I can relate to THIS! Not all that long ago, Mrs. Cubert and I were invited to join our neighborhood board. Although this was just a once a month commitment, the meetings were three hours long, and after a long day of work, quite draining.
After a year, I resigned while the Mrs. hung on to finish out her two year “term”. I continued to volunteer – where I felt I could add more value, vs. debating about the type of shade devices our park needed, or which band to hire for the summer festival.
I suppose I could’ve said “no” at the outset, but I figured I had more Leslie Knope in me at the time than what I truly did.
Yeah, I’ve been to enough of the meetings in a non member capacity to have an idea of what I’m getting myself into, but it isn’t any small endeavor. Helps that since I work 6-7 hours a day, even a 3 hour meeting doesn’t put me over the hours I used to work as a full time employee.
I can certainly relate to this one. Somehow I’ve n en OK at this in my personal life (at least recently), but awful at it at work. I think that you, like me, absolutely hate to break an agreement. At work, there are sooo many agreements between people to get things done. I’ve found myself overcommitting and saying “yes” to doing too much to where I can’t get my usual work done. I’ll try to remember this post next time I’m in that situation.
I hear you there. Work is especially tricky because once you’ve said yes to something, it is really hard to back out once it’s clearly too much.
I really think saying yes is the secret to growth in your career, your family, your entire life. Sure you have to be reasonable but unless you are constantly stepping out of your comfort zone you are getting smaller instead of bigger. And while I hear people say “if it isn’t a whole heart yes then it is a no” I do not believe that. Nobody ever has a whole heart yes to something outside their comfort zone, that’s impossible. I have no trouble saying no to stuff that feels like, meh. But if it is scary with a hint of promise then I’m all in because every good thing I’ve ever gotten started like that. Great post, there is no easy answer to setting priorities in life especially if you are a positive person, like you, where most of what you look at seems positive. Imagine how much better your life is because your cup of opportunity is over flowing, unlike someone who does nothing and enjoys nothing.

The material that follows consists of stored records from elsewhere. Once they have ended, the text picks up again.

(* Let $X$ be a real random variable with $\mathbb{E}[e^X]=1$ and cumulative distribution function $F$, and assume there exists $\epsilon>0$ with $\mathbb{E}[e^{-\epsilon X}]<\infty$. For $k>0$ let $p(-k)=\int_{-\infty}^{-k}(e^{-k}-e^x)\,dF(x)$ and let $V(-k)$ be the implied volatility at log-strike $-k$, i.e. the unique value with $p_{BS}(-k,V(-k))=p(-k)$. If $k\mapsto-\log p(-k)$ is regularly varying, then as $k\to\infty$ $$\frac{V(-k)^2}{k}\sim\psi\!\left(-1+\frac{-\log p(-k)}{k}\right).$$
   Context: With $\Phi$ the standard normal distribution function and $d_{1,2}(x,\sigma)=-x/\sigma\pm\sigma/2$, $p_{BS}(x,\sigma)=e^x\Phi(-d_2)-\Phi(-d_1)$ is the normalized Black–Scholes put price at log-strike $x$ and total volatility $\sigma$. $\psi:[0,\infty]\to[0,2]$, $\psi[x]=2-4\left(\sqrt{x^2+x}-x\right)$. A measurable function $g$, positive for large $x$, is regularly varying if there is $\alpha\in\mathbb{R}$ with $\lim_{x\to\infty}g(\lambda x)/g(x)=\lambda^\alpha$ for all $\lambda>0$. $g\sim h$ means $g(k)/h(k)\to1$ as $k\to\infty$. *)

theory Defs
  imports "HOL-Probability.Probability"
begin

definition Phi :: "real \<Rightarrow> real" where
  "Phi x = measure (density lborel std_normal_density) {..x}"

definition d1 :: "real \<Rightarrow> real \<Rightarrow> real" where
  "d1 x \<sigma> = - x / \<sigma> + \<sigma> / 2"

definition d2 :: "real \<Rightarrow> real \<Rightarrow> real" where
  "d2 x \<sigma> = - x / \<sigma> - \<sigma> / 2"

text \<open>Normalized Black--Scholes put price at log-strike x, total volatility sigma.\<close>
definition p_BS :: "real \<Rightarrow> real \<Rightarrow> real" where
  "p_BS x \<sigma> = exp x * Phi (- d2 x \<sigma>) - Phi (- d1 x \<sigma>)"

definition implied_vol :: "real \<Rightarrow> real \<Rightarrow> real" where
  "implied_vol x p = (THE \<sigma>. \<sigma> > 0 \<and> p_BS x \<sigma> = p)"

definition psi :: "real \<Rightarrow> real" where
  "psi x = 2 - 4 * (sqrt (x\<^sup>2 + x) - x)"

definition regularly_varying :: "(real \<Rightarrow> real) \<Rightarrow> bool" where
  "regularly_varying g \<longleftrightarrow> g \<in> borel_measurable borel \<and>
     (\<forall>\<^sub>F x in at_top. g x > 0) \<and>
     (\<exists>\<alpha>::real. \<forall>c>0. ((\<lambda>x. g (c * x) / g x) \<longlongrightarrow> c powr \<alpha>) at_top)"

That is very true – I’d rather have the problem of saying yes to too many things (and have too many good options to choose from) than the flip side of doing nothing and enjoying nothing.
This is a great post! I am struggling with something related at the moment–I am involved in a volunteer organization that I love, but it’s pulling me away from some other things and involves a lot of travel. I don’t want to bail on a commitment I made, but it’s not currently serving my needs.
How long is the commitment for? If it’s short term, I’d probably stick it out. If we’re talking years, perhaps not.
Lol, finally getting around to reading this. Nice post Angela! Your article reminded me of a recent book I just finished, “Essentialism” by Greg McKeown. He talks about the tradeoffs of saying yes and no, just like what you went through. That Essentialists say no to just about everything, to try and focus on their craft and only say yes to those things that is aligned with what they are trying to achieve lol. How is your yes and no journey almost a year later?